One of the key features to understand the outcomes of the sensorimotor paradox proposition, as to the situation of the body in social and moral conduct, is that we constantly and compulsively have to justify to ourselves our being still. We could be bursting in the moment and open space for interaction with the impulse to enact what we see – especially being kept on hold for so long. But we don’t do that, for we have been taught not to, respectfully of what is considered convenient to whatever society we came to live in. That is where we desperately need a relation in order to situate our still body, obedient to the social rules through moral teaching, to justify that we do so.
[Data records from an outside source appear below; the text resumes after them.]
lemma laurent_massart_threshold_le:
  assumes "A2 > 0" "c > 0" "0 \<le> \<sigma>" "t > 0"
    and "x \<le> t\<^sup>2 * \<sigma>\<^sup>2 / (16 * A2)" "x \<le> t * \<sigma> / (4 * c)"
  shows "2 * sqrt (A2 * x) + 2 * c * x \<le> t * \<sigma>"
proof -
  have "A2 * x \<le> (t * \<sigma> / 4)\<^sup>2"
    using assms(1,5) by (simp add: field_simps power2_eq_square)
  then have "2 * sqrt (A2 * x) \<le> t * \<sigma> / 2"
    using assms(3,4) real_sqrt_le_mono[of "A2 * x" "(t * \<sigma> / 4)\<^sup>2"] by simp
  moreover have "2 * c * x \<le> t * \<sigma> / 2"
    using assms(2,6) by (simp add: field_simps)
  ultimately show ?thesis by simp
qed

context prob_space
begin

lemma nn_integral_exp_centered_std_normal_sq:
  assumes X: "distributed M lborel X std_normal_density" and "\<theta> < 1 / 2"
  shows "(\<integral>\<^sup>+\<omega>. ennreal (exp (\<theta> * ((X \<omega>)\<^sup>2 - 1))) \<partial>M) = ennreal (exp (- \<theta>) / sqrt (1 - 2 * \<theta>))"
proof -
  define s k where "s = 1 / sqrt (1 - 2 * \<theta>)" and "k = exp (- \<theta>) / sqrt (1 - 2 * \<theta>)"
  have "(\<integral>\<^sup>+\<omega>. ennreal (exp (\<theta> * ((X \<omega>)\<^sup>2 - 1))) \<partial>M)
      = (\<integral>\<^sup>+x. ennreal (std_normal_density x) * ennreal (exp (\<theta> * (x\<^sup>2 - 1))) \<partial>lborel)"
    by (rule distributed_nn_integral[OF X, symmetric]) measurable
  also have "\<dots> = (\<integral>\<^sup>+x. ennreal k * ennreal (normal_density 0 s x) \<partial>lborel)"
    using \<open>\<theta> < 1 / 2\<close>
    by (intro nn_integral_cong) (simp add: ennreal_mult[symmetric] std_normal_density_mult_exp k_def s_def)
  also have "\<dots> = ennreal k * (\<integral>\<^sup>+x. ennreal (normal_density 0 s x) \<partial>lborel)"
    by (rule nn_integral_cmult) measurable
  also have "(\<integral>\<^sup>+x. ennreal (normal_density 0 s x) \<partial>lborel) = 1"
    using \<open>\<theta> < 1 / 2\<close> by (subst nn_integral_eq_integral) (auto simp: s_def)
  finally show ?thesis by (simp add: k_def)
qed

lemma centered_chi_square_chernoff:
  fixes G :: "'i \<Rightarrow> 'a \<Rightarrow> real" and \<theta> b :: "'i \<Rightarrow> real"
  assumes "finite I" and ind: "indep_vars (\<lambda>_. borel) G I"
    and dist: "\<And>i. i \<in> I \<Longrightarrow> distributed M lborel (G i) std_normal_density"
    and \<theta>: "\<And>i. i \<in> I \<Longrightarrow> \<theta> i < 1 / 2"
    and mgf: "\<And>i. i \<in> I \<Longrightarrow> exp (- \<theta> i) / sqrt (1 - 2 * \<theta> i) \<le> exp (b i)"
  shows "emeasure M {\<omega> \<in> space M. r \<le> (\<Sum>i\<in>I. \<theta> i * ((G i \<omega>)\<^sup>2 - 1))}
    \<le> ennreal (exp ((\<Sum>i\<in>I. b i) - r))"
proof -
  have [measurable]: "G i \<in> borel_measurable M" if "i \<in> I" for i
    using ind that by (auto simp: indep_vars_def)
  define Z where "Z \<omega> = (\<Sum>i\<in>I. \<theta> i * ((G i \<omega>)\<^sup>2 - 1))" for \<omega>
  have "emeasure M {\<omega> \<in> space M. r \<le> Z \<omega>} = (\<integral>\<^sup>+\<omega>. indicator {\<omega> \<in> space M. r \<le> Z \<omega>} \<omega> \<partial>M)"
    unfolding Z_def by (intro nn_integral_indicator[symmetric]) measurable
  also have "\<dots> \<le> (\<integral>\<^sup>+\<omega>. ennreal (exp (- r)) * (\<Prod>i\<in>I. ennreal (exp (\<theta> i * ((G i \<omega>)\<^sup>2 - 1)))) \<partial>M)"
  proof (rule nn_integral_mono)
    fix \<omega>
    have "exp (Z \<omega> - r) = exp (- r) * (\<Prod>i\<in>I. exp (\<theta> i * ((G i \<omega>)\<^sup>2 - 1)))"
      unfolding Z_def using \<open>finite I\<close> by (simp add: exp_sum exp_diff exp_minus field_simps)
    then show "indicator {\<omega> \<in> space M. r \<le> Z \<omega>} \<omega>
        \<le> ennreal (exp (- r)) * (\<Prod>i\<in>I. ennreal (exp (\<theta> i * ((G i \<omega>)\<^sup>2 - 1))))"
      by (auto simp: indicator_def ennreal_mult'[symmetric] prod_ennreal prod_nonneg
          simp flip: \<open>exp (Z \<omega> - r) = _\<close>)
  qed
  also have "\<dots> = ennreal (exp (- r)) * (\<Prod>i\<in>I. \<integral>\<^sup>+\<omega>. ennreal (exp (\<theta> i * ((G i \<omega>)\<^sup>2 - 1))) \<partial>M)"
    using \<open>finite I\<close>
    by (subst nn_integral_cmult, measurable, subst indep_vars_nn_integral)
      (auto intro: indep_vars_compose2[OF ind])
  also have "\<dots> = ennreal (exp (- r)) * (\<Prod>i\<in>I. ennreal (exp (- \<theta> i) / sqrt (1 - 2 * \<theta> i)))"
    by (intro arg_cong[where f = "\<lambda>p. ennreal (exp (- r)) * p"] prod.cong refl
        nn_integral_exp_centered_std_normal_sq dist \<theta>)
  also have "\<dots> \<le> ennreal (exp (- r)) * (\<Prod>i\<in>I. ennreal (exp (b i)))"
    using mgf by (intro mult_left_mono prod_mono_ennreal ennreal_leI) auto
  also have "\<dots> = ennreal (exp ((\<Sum>i\<in>I. b i) - r))"
    using \<open>finite I\<close> by (simp add: prod_ennreal exp_sum exp_diff exp_minus ennreal_mult'[symmetric] field_simps)
  finally show ?thesis by (simp add: Z_def)
qed

lemma weighted_centered_chi_square_upper_tail:
  fixes G :: "'i \<Rightarrow> 'a \<Rightarrow> real" and a :: "'i \<Rightarrow> real"
  assumes "finite I" and ind: "indep_vars (\<lambda>_. borel) G I"
    and dist: "\<And>i. i \<in> I \<Longrightarrow> distributed M lborel (G i) std_normal_density"
    and a: "\<And>i. i \<in> I \<Longrightarrow> 0 \<le> a i \<and> a i \<le> c"
    and "c > 0" "(\<Sum>i\<in>I. (a i)\<^sup>2) > 0" "x > 0"
  shows "emeasure M {\<omega> \<in> space M. 2 * sqrt ((\<Sum>i\<in>I. (a i)\<^sup>2) * x) + 2 * c * x
      \<le> (\<Sum>i\<in>I. a i * ((G i \<omega>)\<^sup>2 - 1))} \<le> ennreal (exp (- x))"
proof -
  define u where "u = 2 * sqrt ((\<Sum>i\<in>I. (a i)\<^sup>2) * x) + 2 * c * x"
  obtain s where "s > 0" "2 * s * c < 1"
    and exponent: "(\<Sum>i\<in>I. (s * a i)\<^sup>2 / (1 - 2 * (s * a i))) - s * u \<le> - x"
    using chernoff_parameter_upper_tail[OF a \<open>c > 0\<close> assms(6,7)] unfolding u_def by blast
  have \<theta>: "0 \<le> s * a i" "s * a i < 1 / 2" if "i \<in> I" for i
  proof -
    have "s * a i \<le> s * c" using a[OF that] \<open>s > 0\<close> by (intro mult_left_mono) auto
    then show "s * a i < 1 / 2" using \<open>2 * s * c < 1\<close> by linarith
    show "0 \<le> s * a i" using a[OF that] \<open>s > 0\<close> by simp
  qed
  have "{\<omega> \<in> space M. u \<le> (\<Sum>i\<in>I. a i * ((G i \<omega>)\<^sup>2 - 1))}
      = {\<omega> \<in> space M. s * u \<le> (\<Sum>i\<in>I. s * a i * ((G i \<omega>)\<^sup>2 - 1))}"
    using \<open>s > 0\<close> by (simp add: mult.assoc flip: sum_distrib_left)
  also have "emeasure M \<dots> \<le> ennreal (exp ((\<Sum>i\<in>I. (s * a i)\<^sup>2 / (1 - 2 * (s * a i))) - s * u))"
    using \<theta> by (intro centered_chi_square_chernoff[OF \<open>finite I\<close> ind dist]
        centered_chi_square_mgf_le_nonneg) auto
  also have "\<dots> \<le> ennreal (exp (- x))"
    using exponent by (intro ennreal_leI) simp
  finally show ?thesis unfolding u_def .
qed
With our inspection of the workings of trauma and Darian Leader’s work on the question of pain (La jouissance, vraiment ?, 2020), we stressed the fact that every experience – even the slightest sensory situation of contact – was subject to a reorganisation of what is actually available and possible in the world for the person. Further more, this potential space opens to interpretation as soon as it comes to involve someone else’s gaze – and even our own as someone else’s. But something that we haven’t adressed yet is that we have to live with ourselves then, with some body of ours entered the realm of strangers, and that is something quite different again than elaborating long-term meaning. What happens with the day-to-day insecurity of having to maintain the structure and the frame for constant self-interpretation through the possibility of the other’s gaze is relying on the very personal sense of one’s own body being highly subject and vulnerable to aggressions. Why should we trust the possibility that we would not be hurt ?
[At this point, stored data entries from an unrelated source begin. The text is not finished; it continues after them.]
lemma real_vector_space_Anu: "real_vector_space_on (Anu G nu) (qadd G nu) (qscale G nu) (qzero G nu)"
  unfolding real_vector_space_on_def
proof (intro conjI ballI allI)
  show "qzero G nu \<in> Anu G nu"
    by (simp add: qzero_eq word_class_in_Anu)
next
  fix X Y Z
  assume "X \<in> Anu G nu" "Y \<in> Anu G nu" "Z \<in> Anu G nu"
  then obtain u v w where u: "u \<in> words G" "X = word_class u" and v: "v \<in> words G" "Y = word_class v"
    and w: "w \<in> words G" "Z = word_class w"
    by (metis Anu_cases)
  show "qadd G nu (qadd G nu X Y) Z = qadd G nu X (qadd G nu Y Z)"
    using u v w by (simp add: qadd_word_class)
next
  fix X Y
  assume "X \<in> Anu G nu" "Y \<in> Anu G nu"
  then obtain u v where u: "u \<in> words G" "X = word_class u" and v: "v \<in> words G" "Y = word_class v"
    by (metis Anu_cases)
  show "qadd G nu X Y \<in> Anu G nu"
    using u v by (simp add: qadd_word_class word_class_in_Anu)
  show "qadd G nu X Y = qadd G nu Y X"
    using u v by (simp add: qadd_word_class word_class_eqI wrel_if_mset_eq add.commute)
  fix c
  show "qscale G nu c (qadd G nu X Y) = qadd G nu (qscale G nu c X) (qscale G nu c Y)"
    using u v by (simp add: qadd_word_class qscale_word_class wscale_append)
next
  fix X
  assume "X \<in> Anu G nu"
  then obtain u where u: "u \<in> words G" "X = word_class u"
    by (metis Anu_cases)
  show "qadd G nu X (qzero G nu) = X" "qscale G nu 1 X = X"
    using u by (simp_all add: qzero_eq qadd_word_class qscale_word_class)
  show "\<exists>Y\<in>Anu G nu. qadd G nu X Y = qzero G nu"
    using u wrel_add_inverse[of u]
    by (intro bexI[of _ "qscale G nu (-1) X"]) (simp_all add: qzero_eq qadd_word_class qscale_word_class
        word_class_eqI word_class_in_Anu)
  fix a b :: real
  show "qscale G nu a X \<in> Anu G nu"
    using u by (simp add: qscale_word_class word_class_in_Anu)
  show "qscale G nu (a + b) X = qadd G nu (qscale G nu a X) (qscale G nu b X)"
    using u wrel_wscale_add[of u a b] by (simp add: qadd_word_class qscale_word_class word_class_eqI)
  show "qscale G nu (a * b) X = qscale G nu a (qscale G nu b X)"
    using u by (simp add: qscale_word_class)
qed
The learning of strategies to prevent oneself from being hurt shows lines that are common to main social structures and some that are more specific to local experiences and to the singularity of the person. The distribution of moral violence would depend on the variety and diversity of the spaces into which we project possibilities. However, the liberty to move freely, should it not be hurtful to anyone, is more often submitted to moral scrutiny. The conformity to social norms, as to what is proper a form for a human being in society, is mostly taught out of fear of rejection and sanction, more than out of a dialogue and the teachings of consent and mutual self-determination. The efficiency of morals relies on the uniformity of its application, rather than the observation and expression of local idiosyncraties.
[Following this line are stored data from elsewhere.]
definition rank_witnesses_2 :: "(gf4 list list \<times> int list list) list" where
  "rank_witnesses_2 =
     [([[O4,O4], [O4,A4]],
       [[1, 0], [0, 1], [-1, -1], [0, 1], [-1, -1], [1, 0], [-1, -1], [1, 0], [0, 1]]),
      ([[O4,O4], [O4,A4]],
       [[1, 0], [0, 1], [-1, -1], [-1, -1], [1, 0], [0, 1], [0, 1], [-1, -1], [1, 0]]),
      ([[O4,O4], [O4,A4], [O4,B4], [A4,O4]],
       [[1, 0, 0, 0], [0, 1, 0, 0], [0, 0, 1, 0], [0, 0, 0, 1], [-1, 1, 0, 1], [-1, 0, 1, 1],
        [1, -1, -1, -1], [0, 0, -1, -1], [0, -1, 0, -1]])]"

lemma Phi_2: "Phi 2 = set points_2"
  unfolding Phi_eq_filter by code_simp

lemma unitary_schemes_2:
  "assoc_scheme (Phi 2) [Rel 2 0, Rel 2 1 \<union> Rel 2 2, Rel 2 3, Rel 2 4 \<union> Rel 2 5] \<and>
   assoc_scheme (Phi 2) [Rel 2 0, Rel 2 1 \<union> Rel 2 2, Rel 2 3 \<union> Rel 2 4 \<union> Rel 2 5] \<and>
   has_char_table (Phi 2) [Rel 2 0, Rel 2 1 \<union> Rel 2 2, Rel 2 3, Rel 2 4 \<union> Rel 2 5]
     [[1, 2, 2, 4], [1, -1, 2, -2], [1, 2, -1, -2], [1, -1, -1, 1]] [1, 2, 2, 4] \<and>
   has_char_table (Phi 2) [Rel 2 0, Rel 2 1 \<union> Rel 2 2, Rel 2 3 \<union> Rel 2 4 \<union> Rel 2 5]
     [[1, 2, 6], [1, 2, -3], [1, -1, 0]] [1, 2, 6]"
  by (rule unitary_schemes_from_certs[where W = orbit_maps_2 and Ts = intersections_symm_2
        and Tf = intersections_fused_2 and Qs = idempotents_symm_2 and Qf = idempotents_fused_2
        and M = 18 and SVs = rank_witnesses_2, OF Phi_2])
    code_simp+

definition points_3 :: "gf4 list list" where
  "points_3 =
     [[Z4,O4,O4], [Z4,O4,A4], [Z4,O4,B4], [Z4,A4,O4], [Z4,A4,A4], [Z4,A4,B4], [Z4,B4,O4],
      [Z4,B4,A4], [Z4,B4,B4], [O4,Z4,O4], [O4,Z4,A4], [O4,Z4,B4], [O4,O4,Z4], [O4,A4,Z4],
      [O4,B4,Z4], [A4,Z4,O4], [A4,Z4,A4], [A4,Z4,B4], [A4,O4,Z4], [A4,A4,Z4], [A4,B4,Z4],
      [B4,Z4,O4], [B4,Z4,A4], [B4,Z4,B4], [B4,O4,Z4], [B4,A4,Z4], [B4,B4,Z4]]"

definition orbit_maps_3 :: "(gf4 list \<times> nat) list" where
  "orbit_maps_3 =
     [([O4,O4,O4], 0), ([O4,O4,A4], 0), ([O4,O4,B4], 0), ([O4,A4,O4], 0), ([O4,A4,A4], 0),
      ([O4,A4,B4], 0), ([O4,B4,O4], 0), ([O4,B4,A4], 0), ([O4,B4,B4], 0), ([O4,O4,O4], 2),
      ([O4,A4,O4], 2), ([O4,B4,O4], 2), ([O4,O4,O4], 1), ([O4,O4,A4], 1), ([O4,O4,B4], 1),
      ([O4,O4,A4], 2), ([O4,A4,A4], 2), ([O4,B4,A4], 2), ([O4,A4,O4], 1), ([O4,A4,A4], 1),
      ([O4,A4,B4], 1), ([O4,O4,B4], 2), ([O4,A4,B4], 2), ([O4,B4,B4], 2), ([O4,B4,O4], 1),
      ([O4,B4,A4], 1), ([O4,B4,B4], 1)]"

definition intersections_symm_3 :: "nat list list" where
  "intersections_symm_3 =
     [[1, 0, 0, 0, 0, 2, 0, 0, 0, 0, 8, 0, 0, 0, 0, 16],
      [0, 1, 0, 0, 1, 1, 0, 0, 0, 0, 0, 8, 0, 0, 8, 8],
      [0, 0, 1, 0, 0, 0, 0, 2, 1, 0, 1, 6, 0, 2, 6, 8],
      [0, 0, 0, 1, 0, 0, 1, 1, 0, 1, 3, 4, 1, 1, 4, 10]]"

definition intersections_fused_3 :: "nat list list" where
  "intersections_fused_3 =
     [[1, 0, 0, 0, 2, 0, 0, 0, 24], [0, 1, 0, 1, 1, 0, 0, 0, 24], [0, 0, 1, 0, 0, 2, 1, 2, 21]]"

definition idempotents_symm_3 :: "int list list" where
  "idempotents_symm_3 =
     [[2, 12, 16, 24], [2, -6, 16, -12], [2, -6, -2, 6], [2, 3, -2, -3]]"

definition idempotents_fused_3 :: "int list list" where
  "idempotents_fused_3 =
     [[2, 16, 36], [2, 16, -18], [2, -2, 0]]"

definition rank_witnesses_3 :: "(gf4 list list \<times> int list list) list" where
  "rank_witnesses_3 =
     [([[Z4,O4,O4], [Z4,O4,A4], [Z4,O4,B4], [Z4,A4,O4], [O4,Z4,O4], [A4,Z4,O4]],
       [[1, 0, 0, 0, 0, 0], [0, 1, 0, 0, 0, 0], [0, 0, 1, 0, 0, 0], [0, 0, 0, 1, 0, 0],
        [-1, 1, 0, 1, 0, 0], [-1, 0, 1, 1, 0, 0], [1, -1, -1, -1, 0, 0], [0, 0, -1, -1, 0, 0],
        [0, -1, 0, -1, 0, 0], [0, 0, 0, 0, 1, 0], [1, -1, 0, 0, 1, 0], [1, 0, -1, 0, 1, 0],
        [-1, 0, 0, 0, -1, 0], [0, 0, 0, -1, -1, 0], [-1, 1, 1, 1, -1, 0], [0, 0, 0, 0, 0, 1],
        [1, -1, 0, 0, 0, 1], [1, 0, -1, 0, 0, 1], [-1, 0, 0, 0, 0, -1], [0, 0, 0, -1, 0, -1],
        [-1, 1, 1, 1, 0, -1], [-2, 1, 1, 0, -1, -1], [-1, 0, 1, 0, -1, -1], [-1, 1, 0, 0, -1, -1],
        [1, -1, -1, 0, 1, 1], [2, -1, -1, -1, 1, 1], [1, 0, 0, 1, 1, 1]]),
      ([[Z4,O4,O4], [Z4,O4,A4], [Z4,O4,B4], [O4,Z4,O4], [O4,Z4,A4], [O4,Z4,B4], [O4,O4,Z4],
        [O4,A4,Z4]],
       [[1, 0, 0, 0, 0, 0, 0, 0], [0, 1, 0, 0, 0, 0, 0, 0], [0, 0, 1, 0, 0, 0, 0, 0],
        [0, 0, 1, 0, 0, 0, 0, 0], [1, 0, 0, 0, 0, 0, 0, 0], [0, 1, 0, 0, 0, 0, 0, 0],
        [0, 1, 0, 0, 0, 0, 0, 0], [0, 0, 1, 0, 0, 0, 0, 0], [1, 0, 0, 0, 0, 0, 0, 0],
        [0, 0, 0, 1, 0, 0, 0, 0], [0, 0, 0, 0, 1, 0, 0, 0], [0, 0, 0, 0, 0, 1, 0, 0],
        [0, 0, 0, 0, 0, 0, 1, 0], [0, 0, 0, 0, 0, 0, 0, 1], [-1, -1, -1, -1, -1, -1, -1, -1],
        [0, 0, 0, 0, 0, 1, 0, 0], [0, 0, 0, 1, 0, 0, 0, 0], [0, 0, 0, 0, 1, 0, 0, 0],
        [-1, -1, -1, -1, -1, -1, -1, -1], [0, 0, 0, 0, 0, 0, 1, 0], [0, 0, 0, 0, 0, 0, 0, 1],
        [0, 0, 0, 0, 1, 0, 0, 0], [0, 0, 0, 0, 0, 1, 0, 0], [0, 0, 0, 1, 0, 0, 0, 0],
        [0, 0, 0, 0, 0, 0, 0, 1], [-1, -1, -1, -1, -1, -1, -1, -1], [0, 0, 0, 0, 0, 0, 1, 0]]),
      ([[Z4,O4,O4], [Z4,O4,A4], [Z4,O4,B4], [Z4,A4,O4], [Z4,A4,A4], [Z4,A4,B4], [O4,Z4,O4],
        [O4,Z4,A4], [O4,Z4,B4], [O4,O4,Z4], [O4,A4,Z4], [A4,Z4,O4]],
       [[1, 0, 0, 0, 0, 0, 0, 0, 0, 0, 0, 0], [0, 1, 0, 0, 0, 0, 0, 0, 0, 0, 0, 0],
        [0, 0, 1, 0, 0, 0, 0, 0, 0, 0, 0, 0], [0, 0, 0, 1, 0, 0, 0, 0, 0, 0, 0, 0],
        [0, 0, 0, 0, 1, 0, 0, 0, 0, 0, 0, 0], [0, 0, 0, 0, 0, 1, 0, 0, 0, 0, 0, 0],
        [0, -1, 0, 0, 0, -1, 0, 0, 0, 0, 0, 0], [0, 0, -1, -1, 0, 0, 0, 0, 0, 0, 0, 0],
        [-1, 0, 0, 0, -1, 0, 0, 0, 0, 0, 0, 0], [0, 0, 0, 0, 0, 0, 1, 0, 0, 0, 0, 0],
        [0, 0, 0, 0, 0, 0, 0, 1, 0, 0, 0, 0], [0, 0, 0, 0, 0, 0, 0, 0, 1, 0, 0, 0],
        [0, 0, 0, 0, 0, 0, 0, 0, 0, 1, 0, 0], [0, 0, 0, 0, 0, 0, 0, 0, 0, 0, 1, 0],
        [0, 0, 0, 0, 0, 0, 1, 1, 1, -1, -1, 0], [0, 0, 0, 0, 0, 0, 0, 0, 0, 0, 0, 1],
        [0, 1, -1, -1, 1, 0, 0, -1, 1, 0, 0, 1], [-1, 1, 0, -1, 0, 1, 1, -1, 0, 0, 0, 1],
        [0, 1, 0, -1, 0, 0, 0, -1, 0, 0, 1, 1], [0, 1, 0, 0, 1, 1, 1, 0, 1, -1, -1, 1],
        [-1, 0, -1, -1, 0, 0, 0, -1, 0, 1, 0, 1], [1, -1, 0, 1, 0, -1, -1, 0, 0, 0, 0, -1],
        [0, 0, 0, 0, 0, 0, 0, 0, -1, 0, 0, -1], [0, -1, 1, 1, -1, 0, -1, 1, -1, 0, 0, -1],
        [1, 0, 1, 1, 0, 0, 0, 1, 0, -1, -1, -1], [0, -1, 0, 1, 0, 0, -1, 0, -1, 1, 0, -1],
        [0, -1, 0, 0, -1, -1, -1, 0, -1, 0, 1, -1]])]"

lemma Phi_3: "Phi 3 = set points_3"
  unfolding Phi_eq_filter by code_simp

lemma unitary_schemes_3:
  "assoc_scheme (Phi 3) [Rel 3 0, Rel 3 1 \<union> Rel 3 2, Rel 3 3, Rel 3 4 \<union> Rel 3 5] \<and>
   assoc_scheme (Phi 3) [Rel 3 0, Rel 3 1 \<union> Rel 3 2, Rel 3 3 \<union> Rel 3 4 \<union> Rel 3 5] \<and>
   has_char_table (Phi 3) [Rel 3 0, Rel 3 1 \<union> Rel 3 2, Rel 3 3, Rel 3 4 \<union> Rel 3 5]
     [[1, 2, 8, 16], [1, -1, -4, 4], [1, 2, -1, -2], [1, -1, 2, -2]] [1, 6, 8, 12] \<and>
   has_char_table (Phi 3) [Rel 3 0, Rel 3 1 \<union> Rel 3 2, Rel 3 3 \<union> Rel 3 4 \<union> Rel 3 5]
     [[1, 2, 24], [1, 2, -3], [1, -1, 0]] [1, 8, 18]"
  by (rule unitary_schemes_from_certs[where W = orbit_maps_3 and Ts = intersections_symm_3
        and Tf = intersections_fused_3 and Qs = idempotents_symm_3 and Qf = idempotents_fused_3
        and M = 54 and SVs = rank_witnesses_3, OF Phi_3])
    code_simp+

theorem corollary5p5:
  shows
  "(\<forall>n \<in> {2::nat, 3}.
      assoc_scheme (Phi n) [Rel n 0, Rel n 1 \<union> Rel n 2, Rel n 3, Rel n 4 \<union> Rel n 5] \<and>
      assoc_scheme (Phi n) [Rel n 0, Rel n 1 \<union> Rel n 2, Rel n 3 \<union> Rel n 4 \<union> Rel n 5]) \<and>
   has_char_table (Phi 2) [Rel 2 0, Rel 2 1 \<union> Rel 2 2, Rel 2 3, Rel 2 4 \<union> Rel 2 5]
     [[1, 2, 2, 4], [1, -1, 2, -2], [1, 2, -1, -2], [1, -1, -1, 1]] [1, 2, 2, 4] \<and>
   has_char_table (Phi 3) [Rel 3 0, Rel 3 1 \<union> Rel 3 2, Rel 3 3, Rel 3 4 \<union> Rel 3 5]
     [[1, 2, 8, 16], [1, -1, -4, 4], [1, 2, -1, -2], [1, -1, 2, -2]] [1, 6, 8, 12] \<and>
   has_char_table (Phi 2) [Rel 2 0, Rel 2 1 \<union> Rel 2 2, Rel 2 3 \<union> Rel 2 4 \<union> Rel 2 5]
     [[1, 2, 6], [1, 2, -3], [1, -1, 0]] [1, 2, 6] \<and>
   has_char_table (Phi 3) [Rel 3 0, Rel 3 1 \<union> Rel 3 2, Rel 3 3 \<union> Rel 3 4 \<union> Rel 3 5]
     [[1, 2, 24], [1, 2, -3], [1, -1, 0]] [1, 8, 18]"
  using unitary_schemes_2 unitary_schemes_3 by simp

end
Then, as much as we feel compelled to justify our being here as a trustworthy member of the group, we also finally owe ourselves to justify our own obedience to the collective gaze, especially where it comprises various forms of brutality – most of them systemic and non-expressed to the social and political conversation in any other way than being what is ‘normal’ or performed as such (Judith Butler, Gender trouble, 1990). We, in fact, tend to be well aware of a form of captivity, to which we have to consent if not willing to be the figure of the outcast. Where we are can be the place of the socially right or the socially wrong – or the invisible at the intersection of political structures of oppression (Kimberlé Crenshaw, « Demarginalizing the Intersection of Race and Sex: A Black Feminist Critique of Antidiscrimination Doctrine, Feminist Theory and Antiracist Politics », 1989). But still, a body kept still, its possibilities to enact put on hold to imagination, is an impatient body, that we have to reason out. We have to set ourselves back to the relational structures of obedience and speech readiness against the very near possibility to burst out of stillness into the image that we extracted from a perceptive contradiction.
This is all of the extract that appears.